Symbolism, Imagery, Allegory
Cedar is quite literally everywhere in the book; you can't go too many pages without a reference to the trees themselves or something that's made out of cedar wood (for example, it seems that everyone's house is made out of cedar on San Piedro).
Beyond that, cedars and their smell—and, in fact, a particular cedar tree—have tremendous significance for Ishmael. In the hollowed-out base of a cedar tree where they hid as children, Ishmael and Hatsue canoodled and carried on their secret romance:
Inside their cedar tree, for nearly four years, he and Hatsue had held one another with the dreamy contentedness of young lovers. With their coats spread against a cushion of moss they'd stayed as long as they could after dusk and on Saturday and Sunday afternoons. The tree produced a cedar perfume that permeated their skin and clothes.

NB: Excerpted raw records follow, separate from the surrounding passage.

section \<open>One rebalancing step\<close>

lemma lpt_unit_balanced:
  assumes lpt: "lpt_assign (\<lambda>_. 1) L js a" and "k \<in> L" "k' \<in> L"
  shows "card {j \<in> set js. a j = k} \<le> card {j \<in> set js. a j = k'} + 1"
proof (cases "\<exists>t<length js. a (js ! t) = k")
  case False
  then have "{j \<in> set js. a j = k} = {}" by (auto simp: in_set_conv_nth)
  then show ?thesis by (metis card.empty le0 trans_le_add1)
next
  case True
  \<comment> \<open>Look at the moment the last job of bag k was assigned: k was least loaded then.\<close>
  define t where "t = Max {t. t < length js \<and> a (js ! t) = k}"
  have t: "t < length js" "a (js ! t) = k"
    using Max_in[of "{t. t < length js \<and> a (js ! t) = k}"] True by (auto simp: t_def)
  have t_last: "u \<le> t" if "u < length js" "a (js ! u) = k" for u
    using that by (auto simp: t_def)
  have "distinct js" using lpt by (simp add: lpt_assign_def)
  then have "js ! t \<notin> set (take t js)"
    by (subst (asm) id_take_nth_drop[OF t(1)]) auto
  moreover have "{j \<in> set js. a j = k} = insert (js ! t) {j \<in> set (take t js). a j = k}"
  proof (intro equalityI subsetI)
    fix j assume "j \<in> {j \<in> set js. a j = k}"
    then obtain u where u: "u < length js" "js ! u = j" "a j = k" by (auto simp: in_set_conv_nth)
    with t_last[of u] have "u = t \<or> u < t" by auto
    then show "j \<in> insert (js ! t) {j \<in> set (take t js). a j = k}"
      using u by (auto simp: in_set_conv_nth)
  qed (use t in \<open>auto dest: in_set_takeD\<close>)
  moreover have "card {j \<in> set (take t js). a j = k} \<le> card {j \<in> set (take t js). a j = k'}"
    using lpt t \<open>k' \<in> L\<close> unfolding lpt_assign_def by auto
  moreover have "card {j \<in> set (take t js). a j = k'} \<le> card {j \<in> set js. a j = k'}"
    by (intro card_mono) (auto dest: in_set_takeD)
  ultimately show ?thesis by simp
qed

lemma loop_cond_unit_iff:
  assumes "1 \<le> m"
  shows "loop_cond n m (\<lambda>_. 1) \<rho> \<beta> \<longleftrightarrow>
    (\<exists>k<m. 2 \<le> bag_size n \<beta> k \<and> \<rho> * min_bag_size n m \<beta> < bag_size n \<beta> k)"
proof -
  let ?K2 = "{k. k < m \<and> 2 \<le> bag_size n \<beta> k}"
  have "Min ((\<lambda>k. real (bag_size n \<beta> k)) ` {..<m}) = real (min_bag_size n m \<beta>)"
    unfolding min_bag_size_def using assms
    by (subst mono_Min_commute[where f = real]) (auto simp: mono_def image_image lessThan_empty_iff)
  moreover have "x < Max ((\<lambda>k. real (bag_size n \<beta> k)) ` ?K2) \<longleftrightarrow> (\<exists>k\<in>?K2. x < bag_size n \<beta> k)"
    if "?K2 \<noteq> {}" for x
    using that by (subst Max_gr_iff) auto
  ultimately show ?thesis
    unfolding loop_cond_def Let_def psum_unit_bag bag_size_def[symmetric] by auto
qed

definition balanced_state :: "nat \<Rightarrow> nat \<Rightarrow> (nat \<Rightarrow> nat) \<Rightarrow> (nat \<Rightarrow> nat) \<Rightarrow> bool" where
  "balanced_state n m \<beta> c \<longleftrightarrow> (\<forall>j<n. \<beta> j < m) \<and> (\<forall>k<m. c k < m) \<and>
     (\<forall>k<m. \<forall>k'<m. c k = c k' \<longrightarrow> bag_size n \<beta> k \<le> bag_size n \<beta> k' + 1)"

lemma collection_size_lower:
  assumes "balanced_state n m \<beta> c" "k < m" "1 \<le> bag_size n \<beta> k"
  shows "card (collection m c (c k)) * (bag_size n \<beta> k - 1) + 1 \<le> collection_size n m \<beta> c (c k)"
proof -
  let ?C = "collection m c (c k)"
  have k: "k \<in> ?C" using assms(2) by (simp add: collection_def)
  have "(\<Sum>k'\<in>?C - {k}. bag_size n \<beta> k - 1) \<le> (\<Sum>k'\<in>?C - {k}. bag_size n \<beta> k')"
    using assms(1,2) by (intro sum_mono) (force simp: balanced_state_def collection_def)
  then have "bag_size n \<beta> k + (card ?C - 1) * (bag_size n \<beta> k - 1) \<le> collection_size n m \<beta> c (c k)"
    using k by (simp add: collection_size_def sum.remove)
  moreover obtain b where "bag_size n \<beta> k = Suc b" using assms(3) by (cases "bag_size n \<beta> k") auto
  moreover obtain l where "card ?C = Suc l" using k by (cases "card ?C") auto
  ultimately show ?thesis by simp
qed

lemma rejected_step_arith:
  fixes \<alpha> a b l L Y :: real
  assumes \<alpha>: "0 < \<alpha>" and l: "1 \<le> l" and a: "0 \<le> a"
    and rejected: "(1 + \<alpha>) * Y < L + a" and bound: "L \<le> Y + (l - 1) * a"
    and lower: "l * (b - 1) + 1 \<le> L"
  shows "\<alpha> * (b - 1) < (1 + \<alpha>) * a"
proof -
  have "(1 + \<alpha>) * (L - (l - 1) * a) \<le> (1 + \<alpha>) * Y"
    using bound \<alpha> by (intro mult_left_mono) auto
  with rejected have "\<alpha> * L < (1 + \<alpha>) * l * a - \<alpha> * a"
    by (simp add: algebra_simps)
  moreover have "\<alpha> * (l * (b - 1) + 1) \<le> \<alpha> * L"
    using lower \<alpha> by (intro mult_left_mono) auto
  moreover have "0 \<le> \<alpha> * a" using \<alpha> a by simp
  ultimately have "l * (\<alpha> * (b - 1)) < l * ((1 + \<alpha>) * a)"
    using \<alpha> by (simp add: algebra_simps)
  then show ?thesis using l by simp
qed

text \<open>The paper's bound \<open>p(M\<^sub>i) \<le> OPT\<^sub>C \<cdot> sh i + (|M\<^sub>i| - 1) \<cdot> min\<^sub>B p(B)\<close>, with \<open>X\<close> for \<open>OPT\<^sub>C\<close>.\<close>

definition collection_load_bound ::
    "nat \<Rightarrow> nat \<Rightarrow> (nat \<Rightarrow> real) \<Rightarrow> real \<Rightarrow> (nat \<Rightarrow> nat) \<Rightarrow> (nat \<Rightarrow> nat) \<Rightarrow> bool" where
  "collection_load_bound n m sh X \<beta> c \<longleftrightarrow> (\<forall>i<m. collection m c i \<noteq> {} \<longrightarrow>
     real (collection_size n m \<beta> c i)
       \<le> X * sh i + (real (card (collection m c i)) - 1) * real (min_bag_size n m \<beta>))"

They would enter, breathe deeply, then lie down and touch each other—the heat of it and he cedar smell, the privacy and the rain outside, the slippery softness of their lips and tongues inspired in them the temporary illusion that the rest of the world had disappeared; there was nobody and nothing but the two of them. (12.3)

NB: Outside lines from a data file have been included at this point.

lemma window_step_plain:
  assumes s: "s < length u" "\<not> tilded s"
    and inv: "waiting (r + s) \<inter> {1..r} = {x. rank tilded s < x \<and> x \<le> r}"
  shows "waiting (r + Suc s) \<inter> {1..r} = {x. rank tilded (Suc s) < x \<and> x \<le> r}"
proof -
  have no_past: "\<not> E (arrivals t) (arrivals (Suc (r + s)))" if "t \<in> waiting (r + s) \<inter> {1..r}" for t
  proof -
    define i where "i = select tilded (t - 1)"
    have "t \<in> {x. rank tilded s < x \<and> x \<le> r}" "t \<in> {1..r}"
      using that inv by blast+
    then have t: "rank tilded s < t" "1 \<le> t" "t \<le> r"
      by simp_all
    then have i: "tilded i" "rank tilded i = t - 1"
      using select_less_rank[of "t - 1" tilded "length u"] unfolding i_def by auto
    have "\<not> i < s"
      using rank_less[of i s tilded] i t by linarith
    then have "s < i"
      using i(1) s(2) by (cases "i = s") auto
    then have "\<not> E (cls s) (cls i)"
      using not_adjacent_tilded i(1) by blast
    moreover have "arrivals (Suc (r + s)) = cls s" "arrivals t = cls i"
      using s arrivals_future arrivals_past[OF t(2,3)] unfolding i_def tilded_def by auto
    ultimately show ?thesis
      using sym by metis
  qed
  have "waiting (Suc (r + s)) \<inter> {1..r} = waiting (r + s) \<inter> {1..r}"
  proof (cases "r + s" rule: waiting_Suc_cases)
    case stay
    then show ?thesis by simp
  next
    case (match t)
    then have "t \<notin> {1..r}"
      using no_past by blast
    then show ?thesis
      using match(4) by blast
  qed
  also have "\<dots> = {x. rank tilded (Suc s) < x \<and> x \<le> r}"
    using inv s(2) by (simp add: rank_Suc)
  finally show ?thesis
    by simp
qed
(* Let $\mu\in\mathbb{Z}$ and let $S_n(z)=S_n(z;\mu)$, $n\ge -1$, be defined by $S_{-1}=S_0=1$ and $$S_{n+1}S_{n-1}=-z\left[S_n\frac{d^2S_n}{dz^2}-\left(\frac{dS_n}{dz}\right)^2\right]-S_n\frac{dS_n}{dz}+(z+\mu)S_n^2,\qquad n\ge0.$$ Then for all $n>|\mu|$: (a) $z=0$ is a root of $S_n$ of order $\tfrac12(n-|\mu|)(n-|\mu|+1)$; (b) $S_n$ is a monic polynomial in $z$ of degree $\tfrac12n(n+1)$; (c) all other (nonzero) roots of $S_n$ are simple.
   Context: The $S_n(z;\mu)$ are the Umemura polynomials associated with the third Painlevé equation, defined a priori as rational functions by the recurrence in the claim. *)

theory Defs
  imports Complex_Main "HOL-Computational_Algebra.Computational_Algebra"
    "HOL-Computational_Algebra.Normalized_Fraction" "HOL-Computational_Algebra.Field_as_Ring"
begin

definition rderiv :: "complex poly fract \<Rightarrow> complex poly fract" where
  "rderiv r = (case quot_of_fract r of (p, q) \<Rightarrow>
      Fract (pderiv p * q - p * pderiv q) (q * q))"

text \<open>U mu k = S_(k-1)(z; mu), i.e. U mu 0 = S_(-1), U mu 1 = S_0, and the
  Toda-type recurrence
  S_(n+1) S_(n-1) = -z (S_n S_n'' - (S_n')^2) - S_n S_n' + (z + mu) S_n^2
  solved for S_(n+1) as a rational function.\<close>

fun U :: "int \<Rightarrow> nat \<Rightarrow> complex poly fract" where
  "U mu 0 = 1"
| "U mu (Suc 0) = 1"
| "U mu (Suc (Suc n)) =
     (let s = U mu (Suc n); s' = rderiv s; s'' = rderiv s';
          zz = to_fract [:0, 1:]
      in (- zz * (s * s'' - s' ^ 2) - s * s' + (zz + of_int mu) * s ^ 2) / U mu n)"

definition Umemura_S :: "int \<Rightarrow> int \<Rightarrow> complex poly fract" where
  "Umemura_S mu n = U mu (nat (n + 1))"

end

theory Submission
  imports Defs
begin

(* Write (A, B, C) = (S_(k-1), S_k, S_(k+1)), so that A C = Phi(B) with Phi = umemura_rhs the
   right-hand side of the recurrence.  Along the recurrence one carries the Hirota identity
   D_z^2 A.B = 0 and the identity A Phi(B)' - 2 A' Phi(B) = (2k+1) A B^2.  The latter shows, by
   comparing orders of vanishing at every root of A, that A divides Phi(B), so C is a polynomial;
   it is equivalent to the Wronskian relation A C' - A' C = (2k+1) B^2, from which both
   identities pass to (B, C).  Comparing degrees gives deg C = 2 deg B + 1 - deg A, and C stays
   monic.  At a root a <> 0 of B the Hirota identity forces multiplicity one, and
   Phi(B)(a) = a B'(a)^2 <> 0 keeps a from being a root of C.  At z = 0 the Wronskian relation
   gives ord C + ord A - 1 = 2 ord B as soon as ord C <> ord A, which produces the triangular
   numbers; before that, an explicit recurrence for the values at 0 shows that 0 first becomes a
   root exactly at n = |mu| + 1. *)

lemma mult_pderiv_power_mult:
  fixes h X :: "'a::idom poly"
  assumes "pderiv h = 1"
  shows "h * pderiv (h ^ n * X) = h ^ n * (of_nat n * X + h * pderiv X)"
proof (cases n)
  case (Suc m)
  have "h * pderiv (h ^ n) = of_nat n * h ^ n"
    using assms Suc by (simp add: pderiv_power_Suc of_nat_poly algebra_simps del: power_Suc)
      (simp add: power_Suc)
  then show ?thesis by (simp add: pderiv_mult algebra_simps)
qed simp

Ishmael associates cedars with the life he had before the war—that is, before he lost Hatsue (and his arm)—and it's a life he misses a lot. Also, given that he frequently mentions the smell of cedars in particular, and since we know smell is the sense most powerfully associated with memory, perhaps we can go out on a… limb (pardon the pun) and say that cedars are also a larger symbol of memory in general and the way it haunts us. After all, the number of references to things made out of cedar is probably only matched by references to the past.